Numeric vectors (VEC): Consider events as numeric vectors (e.g., semantic or parameter vectors) and formulate the problem of predicting the next log event as a regression task, with the network outputting the expected event vector.
Label (LAB): When the network output directly corresponds to a particular label (e.g., binary classification), anomalies are generated for all samples labeled as anomalous.
Threshold (THR): For approaches that output an anomaly score, a threshold is used to differentiate between normal and anomalous samples, allowing for tuning of detection performance by finding an acceptable trade-off between true positive rate (TPR) and false positive rate (FPR).
Statistical distributions: Model the anomaly scores obtained from the network as statistical distributions (e.g., Gaussian distribution) to detect parameter vectors with errors outside specific confidence intervals as anomalous.

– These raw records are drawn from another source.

lemma Gkn_slot_colouring:
  assumes k3: "k \<ge> 3" and n1: "n \<ge> 1"
  shows "\<exists>c. pq_total_colouring (Gkn_V k n) (Gkn_E k n) ((k + 1) * n + 1) n c"
proof -
  let ?p = "(k + 1) * n + 1"
  have "3 * n \<le> k * n" using k3 by simp
  then have kn: "3 * int n \<le> int k * int n" by (metis of_nat_le_iff of_nat_mult of_nat_numeral)
  have "pq_total_colouring (Gkn_V k n) (Gkn_E k n) ?p n
      (\<lambda>z. nat (case_sum (slot_vertex_colour k n)
        (Gkn_edge_colour k n (\<lambda>i j l. int (edge_slot k j l * n + i)) int) z mod int ?p))"
  proof (rule Gkn_pq_total_colouringI)
    show "k \<ge> 2" "n \<ge> 1" "0 < ?p" using assms by auto
    show "circ_dist_ge ?p n (slot_vertex_colour k n (i, j)) (slot_vertex_colour k n (i, k + l))"
      if "1 \<le> i" "i \<le> n" "j < k" "l < k - 1" for i j l
      using circ_dist_ge_slot_level[of "slot k j" k 0 n i] slot_range[of j k] that
      by (simp add: slot_vertex_colour_def)
    show "circ_dist_ge ?p n (slot_vertex_colour k n (end_f i))
        (slot_vertex_colour k n (end_f' n (i + 1)))" if "i \<le> n" for i
      using that n1 k3
      by (auto simp: slot_vertex_colour_def end_f_def end_f'_def slot_def abs_if intro!: circ_dist_geI)
        (use kn in linarith)+
    show "circ_dist_ge ?p n (slot_vertex_colour k n (i, j)) (int (edge_slot k j l * n + i))"
      if "1 \<le> i" "i \<le> n" "j < k" "l < k - 1" for i j l
      using circ_dist_ge_slots slot_range edge_slot_range slot_neq_edge_slot that
      by (simp add: slot_vertex_colour_def)
    show "circ_dist_ge ?p n (slot_vertex_colour k n (i, k + l)) (int (edge_slot k j l * n + i))"
      if "1 \<le> i" "i \<le> n" "j < k" "l < k - 1" for i j l
      using circ_dist_ge_slot_level[of "edge_slot k j l" k 0 n i] edge_slot_range[of j k l]
        circ_dist_ge_sym that
      by (simp add: slot_vertex_colour_def)
    show "circ_dist_ge ?p n (slot_vertex_colour k n (end_f i)) (int i)" if "i \<le> n" for i
      using that n1 kn
      by (auto simp: slot_vertex_colour_def end_f_def slot_def algebra_simps intro!: circ_dist_geI)
    show "circ_dist_ge ?p n (slot_vertex_colour k n (end_f' n (i + 1))) (int i)" if "i \<le> n" for i
      using that n1 kn
      by (auto simp: slot_vertex_colour_def end_f'_def slot_def algebra_simps intro!: circ_dist_geI)
    show "circ_dist_ge ?p n (int (edge_slot k j l * n + i)) (int (edge_slot k j l' * n + i))"
      if "1 \<le> i" "i \<le> n" "j < k" "l < k - 1" "l' < k - 1" "l \<noteq> l'" for i j l l'
      using circ_dist_ge_slots edge_slot_range edge_slot_inj_row that by simp
    show "circ_dist_ge ?p n (int (edge_slot k j l * n + i)) (int (edge_slot k j' l * n + i))"
      if "1 \<le> i" "i \<le> n" "j < k" "j' < k" "l < k - 1" "j \<noteq> j'" for i j j' l
      using circ_dist_ge_slots edge_slot_range edge_slot_inj_col that by simp
    show "circ_dist_ge ?p n (int (edge_slot k 0 l * n + i)) (int i)"
      if "1 \<le> i" "i \<le> n" "l < k - 1" for i l
      using circ_dist_ge_slot_level[of "edge_slot k 0 l" k 0 n i] edge_slot_range[of 0 k l] that
      by simp
    show "circ_dist_ge ?p n (int (edge_slot k 1 l * n + (i + 1))) (int i)"
      if "i + 1 \<le> n" "l < k - 1" for i l
      using circ_dist_ge_slot_level[of "edge_slot k 1 l" k 1 n i] edge_slot_range[of 1 k l] that k3
      by (simp add: add.assoc)
    show "circ_dist_ge ?p n (int 0) (int n)"
      using kn by (intro circ_dist_geI) (simp_all add: algebra_simps)
  qed
  then show ?thesis by blast
qed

Top log keys (TOP): When the network output is a multi-class probability distribution for known log keys, consider the top n log keys with the highest probabilities as candidates for classification, detecting an anomaly if the actual log event type is not within the set of candidates.
The relationship between network output and detection techniques is as follows:
BIN and MC rely on supervised learning and directly assign labels to new input samples.

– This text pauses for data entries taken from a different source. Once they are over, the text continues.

(* Let $3 \le k \le n$ and break the segment $[0,1]$ at $n-1$ independent uniformly random points into $n$ pieces. For every integer $m$ with $0 \le m \le \binom{n}{k}$, the probability that exactly $m$ of the $k$-element subsets of the $n$ pieces can form a $k$-gon is nonzero. Equivalently, $P(k,n,0) > 0$ and $P(k,n,m-1) - P(k,n,m) > 0$ for all $0 < m \le \binom nk$, where $P(k,n,m)$ is the probability that at least $m$ of the $k$-element subsets of pieces can form a $k$-gon.
   Context: A collection of $k$ lengths can form a (nondegenerate) $k$-gon iff each length is less than the sum of the other $k-1$. *)

theory Defs
  imports "HOL-Probability.Probability"
begin

definition break_points_measure :: "nat \<Rightarrow> (nat \<Rightarrow> real) measure" where
  "break_points_measure n = PiM {..<n-1} (\<lambda>_. uniform_measure lborel {0..1::real})"

definition pieces :: "nat \<Rightarrow> (nat \<Rightarrow> real) \<Rightarrow> nat \<Rightarrow> real" where
  "pieces n x i = (let L = 0 # sort (map x [0..<n-1]) @ [1] in L ! Suc i - L ! i)"

definition forms_polygon :: "(nat \<Rightarrow> real) \<Rightarrow> nat set \<Rightarrow> bool" where
  "forms_polygon len S \<longleftrightarrow> (\<forall>i\<in>S. len i < (\<Sum>j\<in>S - {i}. len j))"

definition num_polygons :: "nat \<Rightarrow> nat \<Rightarrow> (nat \<Rightarrow> real) \<Rightarrow> nat" where
  "num_polygons k n x = card {S. S \<subseteq> {..<n} \<and> card S = k \<and> forms_polygon (pieces n x) S}"

end

theory Submission
  imports Defs "HOL-Library.Nat_Bijection"
begin

text \<open>
  It suffices to find a box of break points of positive volume on which exactly m of the
  k-sets of pieces form polygons. Take positive integer lengths l_0, ..., l_(n-1) such that
  exactly m k-sets S satisfy 2 l_i < (sum of l over S) for all i in S, while every other k-set
  has an i with 2 l_i > (sum of l over S). Both kinds of inequality hold with integer slack,
  so they survive when each piece differs from l_i / (sum of all l) by a small multiple of
  1 / (k * sum of all l); this is the case on a box around the normalized partial sums of l.

  For the lengths choose q with C(q,k) \<le> m \<le> C(q+1,k) = C(q,k) + C(q,k-1). The first q
  pieces are nearly equal, so any k of them form a polygon. Piece q is tuned so that it forms a
  polygon with a (k-1)-set T of the first q pieces exactly when set_encode T is above a
  threshold, chosen to admit m - C(q,k) such sets. All later pieces are superincreasing, so no
  polygon contains one of them.
\<close>

lemma sorted_nth_le_iff:
  fixes ys :: "'a::linorder list"
  assumes "sorted ys" "j < length ys"
  shows "ys ! j \<le> t \<longleftrightarrow> j < card {i. i < length ys \<and> ys ! i \<le> t}"
proof
  assume "ys ! j \<le> t"
  then have "{..j} \<subseteq> {i. i < length ys \<and> ys ! i \<le> t}"
    using assms by (auto intro: order_trans sorted_nth_mono)
  from card_mono[OF _ this] show "j < card {i. i < length ys \<and> ys ! i \<le> t}" by simp
next
  assume j: "j < card {i. i < length ys \<and> ys ! i \<le> t}"
  show "ys ! j \<le> t"
  proof (rule ccontr)
    assume "\<not> ys ! j \<le> t"
    then have "{i. i < length ys \<and> ys ! i \<le> t} \<subseteq> {..<j}"
      using assms by (auto simp: not_less[symmetric] dest: sorted_nth_mono[of ys j] intro: order_trans)
    from card_mono[OF _ this] j show False by simp
  qed
qed

lemma sort_nth_le_iff:
  fixes xs :: "'a::linorder list"
  assumes "j < length xs"
  shows "sort xs ! j \<le> t \<longleftrightarrow> j < length (filter (\<lambda>v. v \<le> t) xs)"
proof -
  have "length (filter (\<lambda>v. v \<le> t) xs) = length (filter (\<lambda>v. v \<le> t) (sort xs))"
    by (metis mset_filter mset_sort size_mset)
  then show ?thesis
    using sorted_nth_le_iff[of "sort xs" j t] assms by (simp add: length_filter_conv_card)
qed

lemma borel_measurable_sort_nth:
  fixes f :: "nat \<Rightarrow> 'a \<Rightarrow> real"
  assumes f: "\<And>r. r < N \<Longrightarrow> f r \<in> borel_measurable M" and "j < N"
  shows "(\<lambda>x. sort (map (\<lambda>r. f r x) [0..<N]) ! j) \<in> borel_measurable M"
  unfolding borel_measurable_iff_le
proof
  fix t :: real
  have "{x \<in> space M. sort (map (\<lambda>r. f r x) [0..<N]) ! j \<le> t}
      = {x \<in> space M. j < (\<Sum>r<N. of_bool (f r x \<le> t))}"
    using \<open>j < N\<close> by (simp add: sort_nth_le_iff length_filter_conv_card lessThan_def Int_def cong: conj_cong)
  also have "\<dots> \<in> sets M"
    using f by measurable
  finally show "{x \<in> space M. sort (map (\<lambda>r. f r x) [0..<N]) ! j \<le> t} \<in> sets M" .
qed

lemma borel_measurable_pieces:
  assumes "i < n"
  shows "(\<lambda>x. pieces n x i) \<in> borel_measurable (break_points_measure n)"
proof -
  have nth_measurable: "(\<lambda>x. (0 # sort (map x [0..<n-1]) @ [1]) ! j) \<in> borel_measurable (break_points_measure n)"
    if "j \<le> n" for j
  proof -
    consider "j = 0" | "0 < j" "j < n" | "j = n" "0 < n" using \<open>j \<le> n\<close> by linarith
    then show ?thesis
    proof cases
      case 2
      then have "j - 1 < n - 1" by linarith
      moreover have "(\<lambda>x. sort (map (\<lambda>r. x r) [0..<n-1]) ! (j - 1)) \<in> borel_measurable (break_points_measure n)"
        by (rule borel_measurable_sort_nth) (use 2 in \<open>auto simp: break_points_measure_def\<close>)
      ultimately show ?thesis using 2 by (simp add: nth_append nth_Cons')
    qed (auto simp: nth_append nth_Cons')
  qed
  show ?thesis
    unfolding pieces_def Let_def using assms by (intro borel_measurable_diff nth_measurable) auto
qed

lemma num_polygons_eq_sum_of_bool:
  "num_polygons k n x = (\<Sum>S\<in>{S. S \<subseteq> {..<n} \<and> card S = k}. of_bool (forms_polygon (pieces n x) S))"
  unfolding num_polygons_def by (simp add: Int_def conj_assoc)

lemma sets_num_polygons_eq:
  "{x \<in> space (break_points_measure n). num_polygons k n x = m} \<in> sets (break_points_measure n)"
proof -
  have "Measurable.pred (break_points_measure n) (\<lambda>x. forms_polygon (pieces n x) S)"
    if "S \<subseteq> {..<n}" for S
  proof -
    have [measurable]: "i \<in> S \<Longrightarrow> (\<lambda>x. pieces n x i) \<in> borel_measurable (break_points_measure n)" for i
      using that by (intro borel_measurable_pieces) auto
    show ?thesis
      using finite_subset[OF that] unfolding forms_polygon_def by measurable
  qed
  then show ?thesis
    unfolding num_polygons_eq_sum_of_bool by measurable
qed

lemma prob_space_uniform_unit_interval: "prob_space (uniform_measure lborel {0..1::real})"
  by (rule prob_space_uniform_measure) auto

lemma prob_space_break_points_measure: "prob_space (break_points_measure n)"
  unfolding break_points_measure_def by (intro prob_space_PiM prob_space_uniform_unit_interval)

lemma measure_break_points_box_pos:
  assumes "\<And>i. i < n - 1 \<Longrightarrow> 0 \<le> a i \<and> a i < b i \<and> b i \<le> 1"
  shows "0 < measure (break_points_measure n) (PiE {..<n-1} (\<lambda>i. {a i..b i}))"
proof -
  interpret product_prob_space "\<lambda>_. uniform_measure lborel {0..1::real}"
    by (simp add: product_prob_space_def product_prob_space_axioms_def product_sigma_finite_def
        prob_space_uniform_unit_interval prob_space_imp_sigma_finite)
  have "emeasure (break_points_measure n) (PiE {..<n-1} (\<lambda>i. {a i..b i}))
      = (\<Prod>i<n-1. emeasure (uniform_measure lborel {0..1::real}) {a i..b i})"
    unfolding break_points_measure_def by (rule emeasure_PiM) auto
  also have "\<dots> = (\<Prod>i<n-1. ennreal (b i - a i))"
  proof (rule prod.cong)
    fix i assume "i \<in> {..<n-1}"
    with assms[of i] have "{0..1::real} \<inter> {a i..b i} = {a i..b i}" by auto
    with assms[of i] \<open>i \<in> {..<n-1}\<close>
    show "emeasure (uniform_measure lborel {0..1::real}) {a i..b i} = ennreal (b i - a i)"
      by (simp add: divide_ennreal_def)
  qed simp
  also have "\<dots> = ennreal (\<Prod>i<n-1. b i - a i)"
    using assms by (intro prod_ennreal) (auto simp: less_imp_le)
  finally have "emeasure (break_points_measure n) (PiE {..<n-1} (\<lambda>i. {a i..b i}))
      = ennreal (\<Prod>i<n-1. b i - a i)" .
  moreover have "0 < (\<Prod>i<n-1. b i - a i)"
    using assms by (intro prod_pos) auto
  ultimately show ?thesis
    by (simp add: measure_def)
qed

lemma forms_polygon_iff:
  "finite S \<Longrightarrow> forms_polygon p S \<longleftrightarrow> (\<forall>i\<in>S. 2 * p i < sum p S)"
  unfolding forms_polygon_def by (auto simp: sum_diff1)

RE, TRA, and VEC produce anomaly scores that are compared against thresholds.
PRD is typically compared against the top log keys with the highest probabilities.
It's important to note that there are some exceptions to these general patterns, such as approaches that support semi-supervised training through probabilistic labels or supervised approaches that rely on reconstruction errors.
By understanding the different anomaly types, network output formats, and detection methods, researchers and practitioners can better design and select appropriate deep learning-based anomaly detection techniques for their specific log data analysis tasks.
Datasets
The review reveals that the vast majority of evaluations rely on only four datasets: HDFS, BGL, Thunderbird, and OpenStack.
These datasets come from various use cases, such as high-performance computing, virtual machines, and operating systems. Some datasets include labeled anomalies (e.g., failures, intrusions), while others lack anomaly labels.
However, the limited number of widely-used datasets raises concerns about the generalisability and real-world applicability of the proposed anomaly detection approaches.
To address this issue, researchers could explore creating synthetic datasets using LLMs.
LLMs, such as GPT-3 or its variants, have shown capabilities in generating coherent and contextually relevant text.
By leveraging these models, researchers could potentially create synthetic log data that mimics the characteristics of real-world log events. Here's a possible approach:
Collect a diverse set of real-world log data from various systems and applications.
Preprocess the log data to extract relevant templates, parameters, and structures.
Fine-tune an LLM on the preprocessed log data, allowing it to learn the patterns, distributions, and relationships between log events.
Use the fine-tuned LLM to generate synthetic log events by providing it with appropriate prompts and constraints.
Inject anomalies into the generated log events based on predefined anomaly types and distributions.
Validate the generated log data by comparing its statistical properties and patterns with real-world log data.
By creating synthetic log data using LLMs, researchers can:
Overcome the limitation of relying on a few publicly available datasets.
Generate large-scale datasets with specific characteristics and anomaly distributions.
Evaluate the robustness and generalizability of anomaly detection approaches across diverse log data scenarios.
Protect sensitive or proprietary log data by generating synthetic datasets for public benchmarking.
However, it's essential to carefully validate the quality and realism of the LLM-generated log data to ensure that it effectively captures the complexities and nuances of real-world log events.
Collaboration between domain experts and machine learning researchers would be crucial in this process.